The answer must consist of every line in the data below that holds the word "ereal".

Exercise data =>

%%

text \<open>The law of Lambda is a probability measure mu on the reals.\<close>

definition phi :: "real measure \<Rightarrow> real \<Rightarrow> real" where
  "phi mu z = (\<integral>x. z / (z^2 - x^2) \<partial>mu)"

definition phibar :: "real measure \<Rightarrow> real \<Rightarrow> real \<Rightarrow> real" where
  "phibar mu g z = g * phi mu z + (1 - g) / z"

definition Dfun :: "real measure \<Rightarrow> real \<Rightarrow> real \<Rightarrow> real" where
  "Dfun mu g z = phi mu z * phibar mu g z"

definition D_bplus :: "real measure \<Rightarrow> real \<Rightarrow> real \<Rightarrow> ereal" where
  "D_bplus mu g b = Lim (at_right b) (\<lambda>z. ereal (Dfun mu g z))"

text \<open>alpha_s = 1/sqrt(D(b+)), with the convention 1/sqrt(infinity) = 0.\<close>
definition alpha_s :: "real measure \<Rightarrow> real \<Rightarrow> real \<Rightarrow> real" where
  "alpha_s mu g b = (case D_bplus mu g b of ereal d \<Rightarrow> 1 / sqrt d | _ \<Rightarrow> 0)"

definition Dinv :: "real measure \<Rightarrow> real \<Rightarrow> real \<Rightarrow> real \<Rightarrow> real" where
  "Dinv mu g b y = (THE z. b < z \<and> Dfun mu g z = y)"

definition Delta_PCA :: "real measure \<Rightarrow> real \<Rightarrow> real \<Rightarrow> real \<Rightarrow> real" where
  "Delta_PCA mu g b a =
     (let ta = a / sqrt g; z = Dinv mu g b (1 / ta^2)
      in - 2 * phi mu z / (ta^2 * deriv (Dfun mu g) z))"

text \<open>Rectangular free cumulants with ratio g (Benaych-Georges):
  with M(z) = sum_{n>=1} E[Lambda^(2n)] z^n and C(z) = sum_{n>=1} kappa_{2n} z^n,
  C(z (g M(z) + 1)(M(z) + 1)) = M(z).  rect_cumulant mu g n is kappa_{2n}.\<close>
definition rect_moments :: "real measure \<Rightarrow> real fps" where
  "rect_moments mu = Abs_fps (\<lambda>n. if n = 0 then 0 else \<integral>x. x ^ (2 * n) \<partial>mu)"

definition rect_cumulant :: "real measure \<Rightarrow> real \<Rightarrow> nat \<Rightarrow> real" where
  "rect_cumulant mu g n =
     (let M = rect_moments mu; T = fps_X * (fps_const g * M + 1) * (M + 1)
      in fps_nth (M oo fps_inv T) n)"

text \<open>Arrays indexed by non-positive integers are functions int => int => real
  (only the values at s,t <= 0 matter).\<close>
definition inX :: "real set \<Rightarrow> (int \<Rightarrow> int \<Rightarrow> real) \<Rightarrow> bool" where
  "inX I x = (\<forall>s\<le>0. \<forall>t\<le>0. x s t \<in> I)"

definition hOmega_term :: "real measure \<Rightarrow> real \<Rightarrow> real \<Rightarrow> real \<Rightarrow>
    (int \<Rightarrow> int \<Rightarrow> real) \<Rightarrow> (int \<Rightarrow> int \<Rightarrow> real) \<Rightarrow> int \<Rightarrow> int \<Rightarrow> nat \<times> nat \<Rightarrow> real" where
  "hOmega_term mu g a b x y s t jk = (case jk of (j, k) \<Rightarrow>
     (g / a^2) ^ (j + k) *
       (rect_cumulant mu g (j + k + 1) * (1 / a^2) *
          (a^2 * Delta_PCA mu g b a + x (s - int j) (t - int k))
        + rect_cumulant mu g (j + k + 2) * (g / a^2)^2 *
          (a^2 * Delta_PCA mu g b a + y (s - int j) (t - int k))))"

%%
%%

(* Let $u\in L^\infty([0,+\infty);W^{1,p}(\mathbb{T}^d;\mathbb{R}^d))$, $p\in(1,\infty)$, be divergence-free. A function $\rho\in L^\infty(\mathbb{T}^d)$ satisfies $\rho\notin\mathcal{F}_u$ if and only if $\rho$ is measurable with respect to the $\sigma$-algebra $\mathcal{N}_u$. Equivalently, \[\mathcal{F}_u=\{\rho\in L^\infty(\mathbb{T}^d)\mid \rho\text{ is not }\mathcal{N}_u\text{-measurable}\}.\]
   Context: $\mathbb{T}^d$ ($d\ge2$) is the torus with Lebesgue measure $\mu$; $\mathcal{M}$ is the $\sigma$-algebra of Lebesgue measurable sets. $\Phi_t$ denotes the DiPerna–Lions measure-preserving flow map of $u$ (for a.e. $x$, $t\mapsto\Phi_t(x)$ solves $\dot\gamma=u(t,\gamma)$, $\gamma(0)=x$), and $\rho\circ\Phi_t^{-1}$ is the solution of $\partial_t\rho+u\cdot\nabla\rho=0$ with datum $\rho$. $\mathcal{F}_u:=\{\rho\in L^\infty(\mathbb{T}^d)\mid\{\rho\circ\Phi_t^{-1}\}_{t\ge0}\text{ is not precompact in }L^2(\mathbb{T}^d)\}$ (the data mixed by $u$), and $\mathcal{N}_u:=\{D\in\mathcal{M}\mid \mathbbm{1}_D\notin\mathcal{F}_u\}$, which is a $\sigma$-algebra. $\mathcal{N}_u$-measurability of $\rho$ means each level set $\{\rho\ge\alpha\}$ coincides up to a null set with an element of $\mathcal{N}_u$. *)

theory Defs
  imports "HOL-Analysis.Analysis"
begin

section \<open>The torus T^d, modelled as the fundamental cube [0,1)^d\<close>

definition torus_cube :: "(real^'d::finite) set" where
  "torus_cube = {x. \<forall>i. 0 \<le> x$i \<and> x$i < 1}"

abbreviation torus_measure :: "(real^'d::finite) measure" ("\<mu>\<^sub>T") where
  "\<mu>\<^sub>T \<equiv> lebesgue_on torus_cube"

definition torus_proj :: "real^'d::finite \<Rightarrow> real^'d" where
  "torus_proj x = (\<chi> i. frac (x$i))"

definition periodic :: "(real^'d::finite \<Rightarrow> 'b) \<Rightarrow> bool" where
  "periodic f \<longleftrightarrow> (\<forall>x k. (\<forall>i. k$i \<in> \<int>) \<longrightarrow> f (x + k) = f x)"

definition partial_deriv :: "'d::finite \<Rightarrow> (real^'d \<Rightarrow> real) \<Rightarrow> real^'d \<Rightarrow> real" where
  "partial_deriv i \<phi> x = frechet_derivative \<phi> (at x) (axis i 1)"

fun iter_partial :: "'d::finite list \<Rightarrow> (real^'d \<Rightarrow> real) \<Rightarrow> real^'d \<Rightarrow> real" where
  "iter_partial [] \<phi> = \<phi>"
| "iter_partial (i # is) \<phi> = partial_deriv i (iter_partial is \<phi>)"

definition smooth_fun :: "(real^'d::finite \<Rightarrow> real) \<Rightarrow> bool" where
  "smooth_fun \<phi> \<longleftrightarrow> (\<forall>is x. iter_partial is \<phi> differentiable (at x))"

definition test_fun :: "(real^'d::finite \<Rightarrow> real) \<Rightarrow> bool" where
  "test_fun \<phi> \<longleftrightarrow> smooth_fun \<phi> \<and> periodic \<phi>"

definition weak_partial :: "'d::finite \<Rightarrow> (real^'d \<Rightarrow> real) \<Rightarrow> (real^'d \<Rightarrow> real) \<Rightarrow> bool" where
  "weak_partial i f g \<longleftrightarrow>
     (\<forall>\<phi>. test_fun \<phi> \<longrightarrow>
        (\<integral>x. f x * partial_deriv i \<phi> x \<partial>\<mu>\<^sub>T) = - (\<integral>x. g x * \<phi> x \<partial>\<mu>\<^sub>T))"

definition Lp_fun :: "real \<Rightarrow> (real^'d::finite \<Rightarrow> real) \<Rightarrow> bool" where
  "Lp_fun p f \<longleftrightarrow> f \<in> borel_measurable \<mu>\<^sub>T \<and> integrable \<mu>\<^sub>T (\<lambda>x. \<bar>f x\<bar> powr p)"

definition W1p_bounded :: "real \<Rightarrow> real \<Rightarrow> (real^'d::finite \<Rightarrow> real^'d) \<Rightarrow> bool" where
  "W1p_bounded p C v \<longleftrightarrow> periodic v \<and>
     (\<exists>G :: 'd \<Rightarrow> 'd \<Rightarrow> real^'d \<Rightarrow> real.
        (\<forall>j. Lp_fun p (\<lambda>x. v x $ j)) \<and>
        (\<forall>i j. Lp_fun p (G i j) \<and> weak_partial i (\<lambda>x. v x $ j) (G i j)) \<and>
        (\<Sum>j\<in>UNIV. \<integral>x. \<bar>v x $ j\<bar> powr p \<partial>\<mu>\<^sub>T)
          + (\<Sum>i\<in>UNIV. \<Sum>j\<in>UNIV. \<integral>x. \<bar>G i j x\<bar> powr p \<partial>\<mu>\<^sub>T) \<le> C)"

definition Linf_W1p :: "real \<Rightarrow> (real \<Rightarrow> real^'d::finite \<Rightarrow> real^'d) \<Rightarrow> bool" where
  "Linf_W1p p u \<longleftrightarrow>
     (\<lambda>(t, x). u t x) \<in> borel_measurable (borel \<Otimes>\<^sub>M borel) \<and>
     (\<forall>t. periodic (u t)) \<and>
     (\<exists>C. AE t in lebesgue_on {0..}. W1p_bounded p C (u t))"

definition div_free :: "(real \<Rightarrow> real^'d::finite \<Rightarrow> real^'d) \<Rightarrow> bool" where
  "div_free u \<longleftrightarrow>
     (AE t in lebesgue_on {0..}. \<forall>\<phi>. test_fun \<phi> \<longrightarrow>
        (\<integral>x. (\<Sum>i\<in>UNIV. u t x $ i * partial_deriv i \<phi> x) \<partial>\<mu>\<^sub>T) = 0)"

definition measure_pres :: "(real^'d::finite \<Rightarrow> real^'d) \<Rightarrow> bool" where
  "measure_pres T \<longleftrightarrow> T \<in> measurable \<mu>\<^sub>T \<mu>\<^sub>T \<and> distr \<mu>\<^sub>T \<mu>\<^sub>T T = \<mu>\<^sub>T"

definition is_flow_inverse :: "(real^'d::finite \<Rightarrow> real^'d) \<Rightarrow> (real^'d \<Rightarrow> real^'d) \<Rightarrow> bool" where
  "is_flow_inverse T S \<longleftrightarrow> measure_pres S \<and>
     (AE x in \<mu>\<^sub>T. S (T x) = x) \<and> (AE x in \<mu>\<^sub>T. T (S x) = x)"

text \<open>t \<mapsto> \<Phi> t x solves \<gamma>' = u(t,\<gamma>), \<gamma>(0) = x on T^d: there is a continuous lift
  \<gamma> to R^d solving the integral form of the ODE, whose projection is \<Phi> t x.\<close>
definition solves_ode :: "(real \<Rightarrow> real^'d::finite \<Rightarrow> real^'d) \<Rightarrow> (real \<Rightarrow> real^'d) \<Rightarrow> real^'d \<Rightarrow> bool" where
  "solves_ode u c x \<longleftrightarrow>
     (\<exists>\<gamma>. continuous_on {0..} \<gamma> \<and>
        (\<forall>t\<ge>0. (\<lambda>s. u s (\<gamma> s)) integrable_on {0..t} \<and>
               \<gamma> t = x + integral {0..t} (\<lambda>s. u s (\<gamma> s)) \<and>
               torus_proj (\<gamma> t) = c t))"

%%
%%

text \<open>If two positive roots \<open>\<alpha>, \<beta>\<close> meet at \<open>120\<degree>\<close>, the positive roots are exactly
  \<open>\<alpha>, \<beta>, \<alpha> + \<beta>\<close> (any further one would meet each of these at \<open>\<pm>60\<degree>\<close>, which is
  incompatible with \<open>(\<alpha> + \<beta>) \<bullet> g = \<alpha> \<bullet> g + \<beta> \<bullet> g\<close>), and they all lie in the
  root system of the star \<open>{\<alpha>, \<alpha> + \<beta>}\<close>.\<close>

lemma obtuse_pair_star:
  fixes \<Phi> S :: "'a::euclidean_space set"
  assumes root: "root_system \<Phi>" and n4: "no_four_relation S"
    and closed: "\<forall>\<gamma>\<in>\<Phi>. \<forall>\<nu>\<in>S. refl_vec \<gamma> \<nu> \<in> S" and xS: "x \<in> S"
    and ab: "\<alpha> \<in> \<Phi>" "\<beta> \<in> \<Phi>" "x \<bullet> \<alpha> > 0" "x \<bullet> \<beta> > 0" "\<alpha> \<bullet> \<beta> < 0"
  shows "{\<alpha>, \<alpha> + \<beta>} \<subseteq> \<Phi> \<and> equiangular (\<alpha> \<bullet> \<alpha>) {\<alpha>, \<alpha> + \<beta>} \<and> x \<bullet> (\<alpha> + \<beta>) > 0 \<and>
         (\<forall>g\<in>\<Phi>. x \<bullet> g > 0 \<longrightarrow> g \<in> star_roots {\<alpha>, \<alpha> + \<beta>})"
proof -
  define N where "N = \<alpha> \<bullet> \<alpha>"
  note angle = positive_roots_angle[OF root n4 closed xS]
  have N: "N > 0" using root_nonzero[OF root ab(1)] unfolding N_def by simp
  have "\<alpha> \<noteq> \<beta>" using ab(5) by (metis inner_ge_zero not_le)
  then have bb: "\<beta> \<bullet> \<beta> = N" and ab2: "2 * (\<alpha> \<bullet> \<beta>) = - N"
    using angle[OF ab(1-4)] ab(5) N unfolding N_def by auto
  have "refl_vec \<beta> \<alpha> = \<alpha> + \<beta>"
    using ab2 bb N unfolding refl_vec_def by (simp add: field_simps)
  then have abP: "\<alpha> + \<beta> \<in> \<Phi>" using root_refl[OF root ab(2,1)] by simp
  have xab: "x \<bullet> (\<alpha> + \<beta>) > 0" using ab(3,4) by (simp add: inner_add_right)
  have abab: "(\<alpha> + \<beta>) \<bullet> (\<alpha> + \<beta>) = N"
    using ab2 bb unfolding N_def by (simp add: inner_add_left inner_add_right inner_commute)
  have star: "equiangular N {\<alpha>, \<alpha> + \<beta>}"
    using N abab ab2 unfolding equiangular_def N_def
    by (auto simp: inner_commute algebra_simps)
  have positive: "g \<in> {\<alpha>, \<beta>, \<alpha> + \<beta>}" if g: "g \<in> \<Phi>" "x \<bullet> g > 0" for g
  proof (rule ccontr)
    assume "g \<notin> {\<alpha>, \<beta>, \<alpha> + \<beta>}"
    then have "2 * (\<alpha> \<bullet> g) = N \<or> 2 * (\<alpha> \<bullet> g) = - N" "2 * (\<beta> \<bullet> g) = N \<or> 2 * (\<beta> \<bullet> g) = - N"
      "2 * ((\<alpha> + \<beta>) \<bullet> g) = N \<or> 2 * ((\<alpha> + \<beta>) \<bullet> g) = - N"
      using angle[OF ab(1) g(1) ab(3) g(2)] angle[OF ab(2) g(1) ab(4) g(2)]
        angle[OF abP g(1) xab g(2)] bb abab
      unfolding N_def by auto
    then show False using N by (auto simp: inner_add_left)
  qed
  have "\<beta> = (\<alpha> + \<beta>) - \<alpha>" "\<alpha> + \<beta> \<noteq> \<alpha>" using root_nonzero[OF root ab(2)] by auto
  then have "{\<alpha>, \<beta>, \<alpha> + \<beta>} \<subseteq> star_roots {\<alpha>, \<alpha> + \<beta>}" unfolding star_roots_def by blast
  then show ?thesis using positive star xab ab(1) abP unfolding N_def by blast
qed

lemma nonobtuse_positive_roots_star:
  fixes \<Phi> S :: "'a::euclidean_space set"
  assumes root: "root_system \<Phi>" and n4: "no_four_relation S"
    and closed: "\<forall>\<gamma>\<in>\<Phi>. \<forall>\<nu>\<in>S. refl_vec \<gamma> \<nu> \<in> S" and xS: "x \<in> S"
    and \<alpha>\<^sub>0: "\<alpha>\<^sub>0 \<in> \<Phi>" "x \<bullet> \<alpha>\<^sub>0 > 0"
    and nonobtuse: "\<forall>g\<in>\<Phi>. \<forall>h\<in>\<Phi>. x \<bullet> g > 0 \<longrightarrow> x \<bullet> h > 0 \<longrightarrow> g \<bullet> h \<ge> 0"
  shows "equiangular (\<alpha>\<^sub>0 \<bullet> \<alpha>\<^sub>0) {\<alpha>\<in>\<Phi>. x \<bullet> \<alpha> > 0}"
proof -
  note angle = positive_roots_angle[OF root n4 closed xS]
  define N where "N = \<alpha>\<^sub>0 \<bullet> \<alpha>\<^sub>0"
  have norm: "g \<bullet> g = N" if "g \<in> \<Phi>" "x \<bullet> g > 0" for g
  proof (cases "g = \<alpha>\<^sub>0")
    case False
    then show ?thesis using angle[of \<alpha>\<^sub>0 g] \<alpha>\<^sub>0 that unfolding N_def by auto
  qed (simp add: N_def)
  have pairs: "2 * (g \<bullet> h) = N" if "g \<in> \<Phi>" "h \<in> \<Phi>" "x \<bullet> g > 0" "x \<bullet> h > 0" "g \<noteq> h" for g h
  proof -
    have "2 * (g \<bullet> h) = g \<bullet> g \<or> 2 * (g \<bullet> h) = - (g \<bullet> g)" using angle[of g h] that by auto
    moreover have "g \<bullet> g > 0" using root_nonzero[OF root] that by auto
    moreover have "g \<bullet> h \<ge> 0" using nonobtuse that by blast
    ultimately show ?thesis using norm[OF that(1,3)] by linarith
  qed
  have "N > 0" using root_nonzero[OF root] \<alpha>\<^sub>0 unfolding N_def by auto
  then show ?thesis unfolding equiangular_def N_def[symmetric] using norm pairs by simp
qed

%%

Exercise solution =>
definition D_bplus :: "real measure \<Rightarrow> real \<Rightarrow> real \<Rightarrow> ereal" where
  "D_bplus mu g b = Lim (at_right b) (\<lambda>z. ereal (Dfun mu g z))"
  "alpha_s mu g b = (case D_bplus mu g b of ereal d \<Rightarrow> 1 / sqrt d | _ \<Rightarrow> 0)"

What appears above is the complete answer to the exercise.